Am J Emerg Med. 2026 Jun 6;108:72-79. doi: 10.1016/j.ajem.2026.06.007. Online ahead of print.
ABSTRACT
OBJECTIVE: This study investigates the effectiveness of Endovascular Therapy (EVT) in very late windows (beyond 24 h) for patients with ischemic stroke, focusing on 90-day mortality, functional outcomes, and procedural success.

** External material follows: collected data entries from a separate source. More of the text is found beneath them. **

(* Let $T>0$, $N=2$, $M=1$. Consider the problem of minimizing $\mathbb V(T)=\frac12(\xi_1(T)^2+\xi_2(T)^2)$ over $\alpha\in\mathcal U_1$, where $\dot\xi_i=-\xi_i+(1-\alpha_i)\bar\xi$ ($i=1,2$), $\bar\xi=\frac12(\xi_1+\xi_2)$, with initial datum satisfying $\bar\xi(0)>0$ and $\xi_1(0)>\xi_2(0)$. Let $\alpha=(\alpha_1,\alpha_2)\in\mathcal U_1$ be an optimal control whose trajectory $\xi$ satisfies $\xi_1(t)\ge\xi_2(t)$ for all $t\in[0,T]$. Define $t_0=2\ln(\xi_1(0)/\bar\xi(0))$. Then: (i) $T\ge t_0$ if and only if $\xi_1(T)=\xi_2(T)$. In this case $\alpha_1+\alpha_2\equiv1$ (so $\bar\xi(t)=\bar\xi(0)e^{-t/2}$); for instance the control $(\alpha_1,\alpha_2)(t)=(1,0)$ for $t\in[0,t_0)$ and $(\alpha_1,\alpha_2)(t)=(1/2,1/2)$ for $t\in[t_0,T]$ is optimal. (ii) If $T<t_0$, then $\alpha(t)=(0,0)$ for all $t\in[0,t^* )$ and $\alpha(t)=(1,0)$ for all $t\in[t^*,T]$, where $t^*=2\ln\bar X$ and $\bar X\in[1,e^{T/2})$ is $$\bar X=\arg\min_{X\in[1,e^{T/2}]}\Big[\big(\xi_1(0)+\bar\xi(0)(X^2-1)\big)^2+\big(\xi_2(0)+\bar\xi(0)(X^2-1)+2\bar\xi(0)X(e^{T/2}-X)\big)^2\Big].$$
   Context: $\mathcal U_1$ is the set of measurable $\alpha:[0,T]\to[0,1]^2$ with $\alpha_1(t)+\alpha_2(t)\le1$ for all $t$. The $\xi_i$ are projected velocities in a collective migration model with target velocity $0$. *)

theory Defs
  imports "HOL-Analysis.Analysis"
begin

definition U1 :: "real \<Rightarrow> (real \<Rightarrow> real \<times> real) set" where
  "U1 T = {\<alpha>. \<alpha> \<in> borel_measurable (restrict_space lebesgue {0..T}) \<and>
     (\<forall>t\<in>{0..T}. 0 \<le> fst (\<alpha> t) \<and> fst (\<alpha> t) \<le> 1 \<and> 0 \<le> snd (\<alpha> t) \<and> snd (\<alpha> t) \<le> 1
        \<and> fst (\<alpha> t) + snd (\<alpha> t) \<le> 1)}"

definition mean :: "real \<times> real \<Rightarrow> real" where
  "mean x = (fst x + snd x) / 2"

definition dyn :: "real \<times> real \<Rightarrow> real \<times> real \<Rightarrow> real \<times> real" where
  "dyn a x = (- fst x + (1 - fst a) * mean x, - snd x + (1 - snd a) * mean x)"

text \<open>xi is the (Caratheodory) trajectory on [0,T] of control alpha with initial datum x0.\<close>
definition is_traj :: "real \<Rightarrow> (real \<Rightarrow> real \<times> real) \<Rightarrow> real \<times> real \<Rightarrow> (real \<Rightarrow> real \<times> real) \<Rightarrow> bool" where
  "is_traj T \<alpha> x0 \<xi> \<longleftrightarrow> \<xi> 0 = x0 \<and>
     (\<forall>t\<in>{0..T}. ((\<lambda>s. dyn (\<alpha> s) (\<xi> s)) has_integral (\<xi> t - \<xi> 0)) {0..t})"

definition cost :: "real \<times> real \<Rightarrow> real" where
  "cost x = (fst x ^ 2 + snd x ^ 2) / 2"

definition optimal_pair :: "real \<Rightarrow> real \<times> real \<Rightarrow> (real \<Rightarrow> real \<times> real) \<Rightarrow> (real \<Rightarrow> real \<times> real) \<Rightarrow> bool" where
  "optimal_pair T x0 \<alpha> \<xi> \<longleftrightarrow> \<alpha> \<in> U1 T \<and> is_traj T \<alpha> x0 \<xi> \<and>
     (\<forall>\<beta> \<eta>. \<beta> \<in> U1 T \<longrightarrow> is_traj T \<beta> x0 \<eta> \<longrightarrow> cost (\<xi> T) \<le> cost (\<eta> T))"

definition optimal_control :: "real \<Rightarrow> real \<times> real \<Rightarrow> (real \<Rightarrow> real \<times> real) \<Rightarrow> bool" where
  "optimal_control T x0 \<alpha> \<longleftrightarrow> (\<exists>\<xi>. optimal_pair T x0 \<alpha> \<xi>)"

end

(*
  Write m = (xi_1 + xi_2)/2, d = xi_1 - xi_2, b = (alpha_1 + alpha_2)/2 and E = e^(T/2).
  Then m' = -b m with b in [0, 1/2], so e^(t/2) m(t) is nondecreasing and
  X = E m(T) / m(0) lies in [1, E]; moreover 4 e^(2T) V(T) = (2 m(0) X E)^2 + (e^T d(T))^2.
  The function z = e^t m is bounded by m(0) e^t and by m(0) X e^(t/2), which cross at
  tau = 2 ln X; integrating (e^t d)' = e^t (alpha_2 - alpha_1) m against these bounds gives
  e^T d(T) = G(X) + (nonnegative slacks) with G(Y) = d(0) + 2 m(0) Y (Y - E).
  The control (0,0) on [0, 2 ln Y), (1,0) afterwards makes all slacks vanish and costs
  F(Y) = (2 m(0) Y E)^2 + G(Y)^2.
  If T >= t0, the control (1,0) then (1/2,1/2) attains the lower bound (2 m(0) E)^2, which
  forces d(T) = 0 and X = 1. If T < t0, then G(1) > 0; comparing with Y = 1 shows G(X) > 0,
  so e^T d(T) >= G(X) > 0 and optimality forces the slacks to vanish and X to minimise F,
  while X = E is excluded because F decreases just below E.
*)

theory Submission
  imports Defs
begin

METHODS: This systematic review and meta-analysis followed Cochrane and PRISMA guidelines to evaluate the effectiveness of endovascular therapy (EVT) in acute ischemic stroke patients. Literature from PubMed, Embase, Web of Science, and Scopus was reviewed using specific keywords. Studies included those after 2000 with outcomes such as functional independence (mRS 0-2), mortality, TICI scores, and neurological improvements.
RESULTS: The data findings reveal mixed outcomes across studies on EVT beyond 24 h. Sarraj et al. (2023) found a significant improvement in functional independence with EVT (38% vs. 10%, p < 0.05), despite an increased risk of sICH. The forest plots for mRS and procedural outcomes show some significant results, such as Sarraj (2023) for mortality (p < 0.05), but most other studies indicated no statistically significant differences (p > 0.05).
CONCLUSION: The study has concluded that Endovascular Therapy (EVT) beyond 24 h can improve functional outcomes and reduce mortality in selected ischemic stroke patients, though patient selection remains crucial.